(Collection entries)

(* Let $d\ge1$, $x_1<x_2$ real, $x_0\in[x_1,x_2]$. Let $p,q,r_1,\dots,r_d,s_1,\dots,s_d$ be continuous complex-valued functions on $[x_1,x_2]$, with $p$ continuously differentiable and $p(x)\ne0$, let $Ly=(py')'+qy$, $R_i[y]=r_iy+s_iy'$, and let $u_0$ be a nonvanishing solution of $Lu_0=0$ on $[x_1,x_2]$. With the generalized formal powers of the context, define for $\vec\lambda\in\mathbb C^d$ $$u_1=u_0\sum_{\mathbf n\in\mathbb Z_{\ge0}^d}\frac{1}{(2|\mathbf n|)!}\tilde X^{(2\mathbf n)}\lambda^{\mathbf n},\qquad u_2=u_0\sum_{\mathbf n\in\mathbb Z_{\ge0}^d}\frac{1}{(2|\mathbf n|+1)!}X^{(2\mathbf n+\frac1d\mathbf 1)}\lambda^{\mathbf n}.$$ Then for every fixed $\vec\lambda\in\mathbb C^d$ these series converge uniformly on $[x_1,x_2]$, and $u_1,u_2$ are linearly independent solutions of $$Ly=\sum_{i=1}^d\lambda_iR_i[y].$$ Their derivatives are given by $$u_1'=\frac{u_0'}{u_0}u_1+\frac{1}{pu_0}\sum_{\mathbf n\ge0,\ \mathbf n\ne0}\frac{1}{(2|\mathbf n|-1)!}\sum_{i=1}^d\tilde X^{(2\mathbf n-\delta_i)}\lambda^{\mathbf n},\qquad u_2'=\frac{u_0'}{u_0}u_2+\frac{1}{pu_0}\sum_{\mathbf n\ge0}\frac{1}{(2|\mathbf n|)!}\sum_{i=1}^dX^{(2\mathbf n-\delta_i+\frac1d\mathbf 1)}\lambda^{\mathbf n},$$ and $u_1(x_0)=u_0(x_0)$, $u_1'(x_0)=u_0'(x_0)$, $u_2(x_0)=0$, $u_2'(x_0)=\frac{1}{p(x_0)u_0(x_0)}$.
   Context: Notation: $\int f$ denotes $x\mapsto\int_{x_0}^x f(s)\,ds$; $|\mathbf j|=j_1+\cdots+j_d$; $\delta_i$ the $i$-th standard basis vector; $\mathbf 1=(1,\dots,1)$; $\lambda^{\mathbf n}=\lambda_1^{n_1}\cdots\lambda_d^{n_d}$. Generalized formal powers $\tilde X$: for $\mathbf j\in\mathbb Z^d$, admissible means at most one $j_i$ odd; $\tilde X^{(\mathbf 0)}\equiv1$; $\tilde X^{(\mathbf j)}\equiv0$ if some $j_i<0$; for admissible $\mathbf j\ge0$, $\mathbf j\ne\mathbf0$: if $|\mathbf j|$ is odd with odd entry $j_i$, $\tilde X^{(\mathbf j)}=|\mathbf j|\int u_0R_i[u_0\tilde X^{(\mathbf j-\delta_i)}]$; if $|\mathbf j|$ is even, $\tilde X^{(\mathbf j)}=|\mathbf j|\int\frac{1}{pu_0^2}\sum_{i=1}^d\tilde X^{(\mathbf j-\delta_i)}$. Generalized formal powers $X$: indexed by $\mathbf j=\mathbf m+\frac1d\mathbf 1$, $\mathbf m\in\mathbb Z^d$, $|\mathbf j|=|\mathbf m|+1$; admissible means at most one $m_i$ odd; $X^{(\frac1d\mathbf 1-\delta_i)}\equiv\frac1d$; $X^{(\mathbf m+\frac1d\mathbf 1)}\equiv0$ if some $m_i<0$ and $\mathbf m\notin\{-\delta_1,\dots,-\delta_d\}$; for admissible $\mathbf j$ with $\mathbf m\ge0$: if $|\mathbf j|$ is even (exactly one $m_i$ odd), $X^{(\mathbf j)}=|\mathbf j|\int u_0R_i[u_0X^{(\mathbf j-\delta_i)}]$ for that $i$; if $|\mathbf j|$ is odd, $X^{(\mathbf j)}=|\mathbf j|\int\frac{1}{pu_0^2}\sum_{i=1}^dX^{(\mathbf j-\delta_i)}$. *)

theory Defs
  imports "HOL-Analysis.Analysis"
begin

text \<open>Conventions: multi-indices in Z^d / N^d are functions on nat, only the entries
  with index below d are meaningful. The interval is I = {x1..x2}; derivatives are taken
  within I.\<close>

definition cint :: "real \<Rightarrow> (real \<Rightarrow> complex) \<Rightarrow> real \<Rightarrow> complex" where
  "cint x0 f x = (if x0 \<le> x then integral {x0..x} f else - integral {x..x0} f)"

definition Rop :: "(nat \<Rightarrow> real \<Rightarrow> complex) \<Rightarrow> (nat \<Rightarrow> real \<Rightarrow> complex) \<Rightarrow> real set
    \<Rightarrow> nat \<Rightarrow> (real \<Rightarrow> complex) \<Rightarrow> real \<Rightarrow> complex" where
  "Rop r s I i y t = r i t * y t + s i t * vector_derivative y (at t within I)"

definition dminus :: "(nat \<Rightarrow> int) \<Rightarrow> nat \<Rightarrow> (nat \<Rightarrow> int)" where
  "dminus j i = j(i := j i - 1)"

text \<open>Level-indexed auxiliary: XtL ... k j is the value of the formal power tilde X^(j)
  assuming |j| = k.\<close>
primrec XtL :: "nat \<Rightarrow> (real \<Rightarrow> complex) \<Rightarrow> (real \<Rightarrow> complex) \<Rightarrow> (nat \<Rightarrow> real \<Rightarrow> complex)
    \<Rightarrow> (nat \<Rightarrow> real \<Rightarrow> complex) \<Rightarrow> real \<Rightarrow> real set \<Rightarrow> nat \<Rightarrow> (nat \<Rightarrow> int) \<Rightarrow> real \<Rightarrow> complex" where
  "XtL d p u0 r s x0 I 0 j = (\<lambda>x. if (\<forall>i<d. j i = 0) then 1 else 0)"
| "XtL d p u0 r s x0 I (Suc k) j = (\<lambda>x.
     if (\<exists>i<d. j i < 0) then 0
     else if odd (Suc k) then
       (let i = (THE i. i < d \<and> odd (j i)) in
        of_nat (Suc k) * cint x0 (\<lambda>t. u0 t * Rop r s I i
            (\<lambda>t'. u0 t' * XtL d p u0 r s x0 I k (dminus j i) t') t) x)
     else of_nat (Suc k) * cint x0
            (\<lambda>t. (\<Sum>i<d. XtL d p u0 r s x0 I k (dminus j i) t) / (p t * u0 t ^ 2)) x)"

» **Task to carry out**
Please repeat, exactly and only, the lines from the one containing "(\<lambda>t'. u0 t'" through the last line of the records, both included.

» **Output for this task**
            (\<lambda>t'. u0 t' * XtL d p u0 r s x0 I k (dminus j i) t') t) x)
     else of_nat (Suc k) * cint x0
            (\<lambda>t. (\<Sum>i<d. XtL d p u0 r s x0 I k (dminus j i) t) / (p t * u0 t ^ 2)) x)"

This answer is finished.